Preaching is fundamentally an eschatological practice. It is declaring the new life that Jesus has opened for us. Jesus' living proclamation, both before and after his death, is an invitation to come into God's kingdom—an invitation that demands repentance. The preacher speaks again that same message (living even his ministry in Christ), summoning all who hear, the in-group, the visitors, the passers-by, to live in the world as it truly is and will be, to live as if God reigns. While the preacher acknowledges and mourns the distance between then and now, but also admits that this very distance is only a shadow, a lie. For we have the down-payment of all things made new dwelling in our hearts, the Spirit. The preacher summons all people, especially the church, to live more congruently in a world where we do not need to look out for our own interests because God cares for us moreso than he does the sparrow, to live in a place where all wrongs against us are already forgiven in Christ, to live in a place where we know our true worth as humans and God's true worth as the ground of all Being.

Preaching is a charismata in the same way that prophecy is a grace-gift from the Spirit. As such we can never presume that we are sufficient in ourselves or that we know how to speak properly or that we know what God wants to say through us. The preacher is in a place of complete insufficiency in himself and complete capability in the Spirit just as he approaches his community both with all the authority of God's messenger and in all service and submission to his community. The Spirit is concerned with the building up of Christ's body, and he will use the preacher as he wills (nevertheless, the spirit of the preacher is subject to the preacher). The Spirit uses the preacher to purify the community, to make it now what it is already, the pure and spotless bride of the Lamb.

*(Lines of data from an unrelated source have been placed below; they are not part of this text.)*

lemma CX_weight_Cons_Cons_eq:
  assumes "length b = length a" "sorted (v # v # b)" "1 \<le> v"
  shows "CX_weight (x # y # a) (v # v # b) =
    (if a \<noteq> [] \<and> x \<le> y \<and> hd a \<le> y \<longrightarrow> v < hd b
     then (if x = y then CX_weight (y # a) (v # b) / 2 else CX_weight (y # a) (v # b)) else 0)"
proof -
  have CX: "CX C (map int (x # y # a)) (v # v # b) \<longleftrightarrow>
      (a \<noteq> [] \<and> x \<le> y \<and> hd a \<le> y \<longrightarrow> v < hd b) \<and> CX C (map int (y # a)) (v # b)"
    using CX_C_Cons_Cons[OF assms(1)] assms(3) by simp
  have gamma: "gamma (map int (x # y # a)) (v # v # b) =
      (if x = y then 1 else 0) + gamma (map int (y # a)) (v # b)"
    using gamma_Cons_Cons[of "int x" "int y"] by simp
  have "(2::rat) powi (k - (1 + g)) = 2 powi (k - g) / 2" for k g :: int
    using power_int_add_1'[of "2::rat" "k - (1 + g)"] by (simp add: algebra_simps)
  then show ?thesis unfolding CX_weight_def CX gamma by simp
qed

lemma not_CX_C_if_first_block_not_increasing:
  assumes "length b = length a" "sorted (v # v # b)" "x \<le> y" "\<not> first_block_increasing (y # a) (v # b)"
  shows "\<not> CX C (map int (x # y # a)) (v # v # b)"
  using assms
proof (induction a arbitrary: x y b)
  case (Cons z a)
  then obtain w b' where b: "b = w # b'" by (cases b) auto
  have "w = v" using Cons.prems(2,4) b by auto
  then have not_incr: "\<not> (y < z \<and> first_block_increasing (z # a) (v # b'))" using Cons.prems(4) b by simp
  show ?case
  proof (cases "y < z")
    case True
    then have "\<not> CX C (map int (y # z # a)) (v # v # b')"
      using Cons.IH[where x = y and y = z and b = b'] Cons.prems b \<open>w = v\<close> not_incr by simp
    then show ?thesis using CX_C_Cons_Cons[of "v # b'" "z # a" x y v v] Cons.prems(1) b \<open>w = v\<close> by simp
  next
    case False
    then show ?thesis using CX_C_Cons_Cons[of "v # b'" "z # a" x y v v] Cons.prems(1,3) b \<open>w = v\<close> by simp
  qed
qed simp

definition UK_step :: "nat \<Rightarrow> nat \<Rightarrow> int \<Rightarrow> int \<Rightarrow> bool" where
  "UK_step x y s t \<longleftrightarrow> prec_rank s \<le> prec_rank t \<and> (s = t \<and> s < 0 \<longrightarrow> y < x) \<and> (s = t \<and> 0 < s \<longrightarrow> x < y)"

lemma finite_map_nat_abs_eq: "finite {s. map nat_abs s = b}"
proof (induction b)
  case (Cons v b)
  have "{s. map nat_abs s = v # b} \<subseteq> (\<lambda>(h, t). h # t) ` ({int v, - int v} \<times> {s. map nat_abs s = b})"
    by (auto simp: map_eq_Cons_conv image_iff abs_if split: if_splits)
  moreover have "finite ((\<lambda>(h, t). h # t) ` ({int v, - int v} \<times> {s. map nat_abs s = b}))"
    using Cons.IH by simp
  ultimately show ?case by (rule finite_subset)
qed simp

lemma finite_UK_fibre: "finite (UK_fibre a b)"
  unfolding UK_fibre_def by (rule finite_subset[OF _ finite_map_nat_abs_eq[of b]]) auto

lemma UK_fibre_Nil: "UK_fibre [] [] = {[]}"
  by (auto simp: UK_fibre_def UK_def)

lemma UK_fibre_single: "1 \<le> v \<Longrightarrow> UK_fibre [x] [v] = {[int v], [- int v]}"
  by (auto simp: UK_fibre_def UK_def length_Suc_conv)

lemma UK_fibre_Cons_Cons:
  "UK_fibre (x # y # a) (v # w # b) =
     {s # t | s t. t \<in> UK_fibre (y # a) (w # b) \<and> nat_abs s = v \<and> s \<noteq> 0 \<and> UK_step x y s (hd t)}"
proof (intro equalityI subsetI)
  fix r assume r: "r \<in> UK_fibre (x # y # a) (v # w # b)"
  then obtain s t t' where "r = s # t # t'" by (auto simp: UK_fibre_def UK_def length_Suc_conv)
  then show "r \<in> {s # t | s t. t \<in> UK_fibre (y # a) (w # b) \<and> nat_abs s = v \<and> s \<noteq> 0 \<and> UK_step x y s (hd t)}"
    using r by (auto simp: UK_fibre_def UK_Cons_Cons UK_step_def)
next
  fix r assume "r \<in> {s # t | s t. t \<in> UK_fibre (y # a) (w # b) \<and> nat_abs s = v \<and> s \<noteq> 0 \<and> UK_step x y s (hd t)}"
  then obtain s t where r: "r = s # t" "t \<in> UK_fibre (y # a) (w # b)" "nat_abs s = v" "s \<noteq> 0"
    "UK_step x y s (hd t)" by auto
  then obtain t0 t' where "t = t0 # t'" by (auto simp: UK_fibre_def UK_def length_Suc_conv)
  then show "r \<in> UK_fibre (x # y # a) (v # w # b)"
    using r by (auto simp: UK_fibre_def UK_Cons_Cons UK_step_def)
qed

lemma hd_UK_fibre:
  assumes "t \<in> UK_fibre (y # a) (w # b)"
  shows "hd t = int w \<or> hd t = - int w"
  using assms by (auto simp: UK_fibre_def UK_def length_Suc_conv)

lemma card_UK_fibre_split:
  assumes "1 \<le> w"
  shows "card (UK_fibre (y # a) (w # b)) =
    card (UK_fibre_hd 1 (y # a) (w # b)) + card (UK_fibre_hd (-1) (y # a) (w # b))"
proof -
  have split: "UK_fibre (y # a) (w # b) = UK_fibre_hd 1 (y # a) (w # b) \<union> UK_fibre_hd (-1) (y # a) (w # b)"
    using hd_UK_fibre[of _ y a w b] by (auto simp: UK_fibre_hd_def)
  have "card (UK_fibre_hd 1 (y # a) (w # b) \<union> UK_fibre_hd (-1) (y # a) (w # b)) =
      card (UK_fibre_hd 1 (y # a) (w # b)) + card (UK_fibre_hd (-1) (y # a) (w # b))"
    using assms finite_UK_fibre by (intro card_Un_disjoint) (auto simp: UK_fibre_hd_def)
  then show ?thesis by (simp only: split)
qed

lemma UK_fibre_hd_single: "1 \<le> v \<Longrightarrow> sg = 1 \<or> sg = -1 \<Longrightarrow> UK_fibre_hd sg [x] [v] = {[sg * int v]}"
  by (force simp: UK_fibre_hd_def UK_fibre_single)

lemma card_UK_fibre_hd_Cons_Cons:
  assumes "1 \<le> v" "sg = 1 \<or> sg = -1"
  shows "card (UK_fibre_hd sg (x # y # a) (v # w # b)) =
    card {t \<in> UK_fibre (y # a) (w # b). UK_step x y (sg * int v) (hd t)}"
proof -
  have "UK_fibre_hd sg (x # y # a) (v # w # b) =
      Cons (sg * int v) ` {t \<in> UK_fibre (y # a) (w # b). UK_step x y (sg * int v) (hd t)}"
    using assms by (auto simp: UK_fibre_hd_def UK_fibre_Cons_Cons abs_mult)
  then show ?thesis by (simp add: card_image)
qed

lemma card_UK_fibre_hd_less:
  assumes "1 \<le> v" "v < w" "sg = 1 \<or> sg = -1"
  shows "card (UK_fibre_hd sg (x # y # a) (v # w # b)) = card (UK_fibre (y # a) (w # b))"
proof -
  have "UK_step x y (sg * int v) (hd t)" if "t \<in> UK_fibre (y # a) (w # b)" for t
    using hd_UK_fibre[OF that] assms by (auto simp: UK_step_def prec_rank_def)
  then show ?thesis using card_UK_fibre_hd_Cons_Cons[OF assms(1,3)] by (metis (no_types, lifting) Collect_cong Collect_mem_eq)
qed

This pneumatological character of preaching drives us to reflect further on the non-institutional role of the preacher. The preacher may very well be an elder, oversee, deacon, pastor, trustee, etc., but his status as the preaching gift to the community from the Spirit is not predicated nor authorized by his institutional role. Rather, he is what he is by the power and authority of the Spirit, serving those God has called into the new life stemming from Jesus' life, death, and resurrection.


Bibliography
Hall, Stuart G. Doctrine and Practice in the Early Church. Grand Rapids, MI: William B. Eerdmans Publishing Company, 1991.
Kelly, J.N.D. Early Christian Donctrines. SanFrancisco, CA: Harper SanFrancisco, 1978.
Milavec, Aaron, ed. The Didache: Faith, Hope, & Life of the Earliest Christian Communities, 50-70 C.E. Mahwah, NJ: The Newman Press, 2003.
Patzia, Arthur. The Emergence of the Church: Context, Growth, Leadership & Worship . Downers Grove, IL: InterVarsity Press, 2001.
Volz, Carl A. Faith and Practice in the Early Church: Foundations for Contemporary Theology. Minneapolis, MN: Augsburg Publishing House, 1983.